Search the data below for "intro"; list each line that holds it.

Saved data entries
--------

lemma
  fixes M :: "real mat"
  assumes M: "M \<in> carrier_mat n n" and e: "eigenvalue M e"
  shows eigenvalue_ge_quadratic_lower_bound:
      "(\<And>x. x \<in> carrier_vec n \<Longrightarrow> c * (x \<bullet> x) \<le> x \<bullet> (M *\<^sub>v x)) \<Longrightarrow> c \<le> e"
    and eigenvalue_le_quadratic_upper_bound:
      "(\<And>x. x \<in> carrier_vec n \<Longrightarrow> x \<bullet> (M *\<^sub>v x) \<le> c * (x \<bullet> x)) \<Longrightarrow> e \<le> c"
proof -
  obtain v where v: "v \<in> carrier_vec n" "0 < v \<bullet> v" "v \<bullet> (M *\<^sub>v v) = e * (v \<bullet> v)"
    using eigenvalue_quadratic_form[OF M e] .
  show "c \<le> e" if "\<And>x. x \<in> carrier_vec n \<Longrightarrow> c * (x \<bullet> x) \<le> x \<bullet> (M *\<^sub>v x)"
    using that[OF v(1)] v(2,3) by simp
  show "e \<le> c" if "\<And>x. x \<in> carrier_vec n \<Longrightarrow> x \<bullet> (M *\<^sub>v x) \<le> c * (x \<bullet> x)"
    using that[OF v(1)] v(2,3) by simp
qed

lemma positive_definite_imp_semidefinite:
  assumes "positive_definite n M"
  shows "positive_semidefinite n M"
proof -
  have "0 \<le> x \<bullet> (M *\<^sub>v x)" if "x \<in> carrier_vec n" for x
    using assms that by (cases "x = 0\<^sub>v n") (auto simp: positive_definite_def less_imp_le)
  thus ?thesis using assms by (simp add: positive_definite_def positive_semidefinite_def)
qed

lemma positive_semidefinite_eigenvalue_nonneg:
  "positive_semidefinite n M \<Longrightarrow> eigenvalue M e \<Longrightarrow> 0 \<le> e"
  by (rule eigenvalue_ge_quadratic_lower_bound) (auto simp: positive_semidefinite_def)

lemma positive_semidefinite_lambda_nonneg:
  assumes "positive_semidefinite n M" "0 < n"
  shows "0 \<le> lambda_min M" "0 \<le> lambda_max M"
proof -
  have M: "M \<in> carrier_mat n n" "transpose_mat M = M"
    using assms(1) by (auto simp: positive_semidefinite_def)
  show "0 \<le> lambda_min M" "0 \<le> lambda_max M"
    using positive_semidefinite_eigenvalue_nonneg[OF assms(1)]
      eigenvalue_lambda_min[OF M assms(2)] eigenvalue_lambda_max[OF M assms(2)] by auto
qed

lemma positive_definite_lambda_min_pos:
  assumes pd: "positive_definite n M" and n: "0 < n"
  shows "0 < lambda_min M"
proof -
  have M: "M \<in> carrier_mat n n" "transpose_mat M = M" using pd by (auto simp: positive_definite_def)
  obtain v where v: "v \<in> carrier_vec n" "0 < v \<bullet> v" "v \<bullet> (M *\<^sub>v v) = lambda_min M * (v \<bullet> v)"
    using eigenvalue_quadratic_form[OF M(1) eigenvalue_lambda_min[OF M n]] .
  have "v \<noteq> 0\<^sub>v n" using v by auto
  hence "0 < v \<bullet> (M *\<^sub>v v)" using pd v(1) by (auto simp: positive_definite_def)
  with v(2,3) show ?thesis by (simp add: zero_less_mult_iff)
qed

lemma gram_quadratic_form:
  fixes M :: "real mat"
  assumes "M \<in> carrier_mat p q" "x \<in> carrier_vec p"
  shows "x \<bullet> ((M * transpose_mat M) *\<^sub>v x) = (transpose_mat M *\<^sub>v x) \<bullet> (transpose_mat M *\<^sub>v x)"
  using transpose_vec_mult_scalar[of M p q "transpose_mat M *\<^sub>v x" x] assms by auto

lemma gram_positive_semidefinite:
  fixes M :: "real mat"
  assumes M: "M \<in> carrier_mat p q"
  shows "positive_semidefinite p (M * transpose_mat M)"
  unfolding positive_semidefinite_def
proof (intro conjI ballI)
  show "M * transpose_mat M \<in> carrier_mat p p" using M by auto
  show "transpose_mat (M * transpose_mat M) = M * transpose_mat M"
    using transpose_mult[of M p q "transpose_mat M" p] M by auto
  show "0 \<le> x \<bullet> (M * transpose_mat M *\<^sub>v x)" if "x \<in> carrier_vec p" for x
    unfolding gram_quadratic_form[OF M that] by (rule scalar_prod_self_nonneg)
qed

lemma lambda_max_gram_le:
  fixes M :: "real mat"
  assumes M: "M \<in> carrier_mat p q" and p: "0 < p" and q: "0 < q"
  shows "lambda_max (M * transpose_mat M) \<le> lambda_max (transpose_mat M * M)"
proof -
  have P1: "positive_semidefinite p (M * transpose_mat M)" by (rule gram_positive_semidefinite[OF M])
  have P2: "positive_semidefinite q (transpose_mat M * M)"
    using gram_positive_semidefinite[of "transpose_mat M" q p] M by simp
  define e where "e = lambda_max (M * transpose_mat M)"
  show ?thesis
  proof (cases "0 < e")
    case False
    thus ?thesis using positive_semidefinite_lambda_nonneg(2)[OF P2 q] unfolding e_def by simp
  next
    case True
    have "eigenvalue (M * transpose_mat M) e"
      unfolding e_def by (rule eigenvalue_lambda_max[OF _ _ p]) (use P1 in \<open>auto simp: positive_semidefinite_def\<close>)
    then obtain v where v: "v \<in> carrier_vec p" "v \<noteq> 0\<^sub>v p" "(M * transpose_mat M) *\<^sub>v v = e \<cdot>\<^sub>v v"
      unfolding eigenvalue_def eigenvector_def using M by auto
    define w where "w = transpose_mat M *\<^sub>v v"
    have w: "w \<in> carrier_vec q" unfolding w_def using M v by auto
    have Mw: "M *\<^sub>v w = e \<cdot>\<^sub>v v" unfolding w_def v(3)[symmetric] using M v by auto
    have "w \<noteq> 0\<^sub>v q"
    proof
      assume "w = 0\<^sub>v q"
      hence "e \<cdot>\<^sub>v v = M *\<^sub>v 0\<^sub>v q" using Mw by simp
      also have "\<dots> = 0\<^sub>v p" using M by (intro eq_vecI) auto
      finally have "e \<cdot>\<^sub>v v = 0\<^sub>v p" .
      hence "e * (v \<bullet> v) = 0" using v by (metis scalar_prod_left_zero smult_scalar_prod_distrib)
      with True scalar_prod_self_pos[OF v(1,2)] show False by simp
    qed
    moreover have "(transpose_mat M * M) *\<^sub>v w = e \<cdot>\<^sub>v w"
      using M w v unfolding w_def[symmetric] by (simp add: Mw w_def mult_mat_vec[of _ q p])
    ultimately have "eigenvalue (transpose_mat M * M) e"
      unfolding eigenvalue_def eigenvector_def using w M by auto
    thus ?thesis unfolding e_def
      by (rule eigenvalue_le_lambda_max[rotated 3]) (use P2 q in \<open>auto simp: positive_semidefinite_def\<close>)
  qed
qed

--------

### Problem solution
proof (intro conjI ballI)
      also have "\<dots> = 0\<^sub>v p" using M by (intro eq_vecI) auto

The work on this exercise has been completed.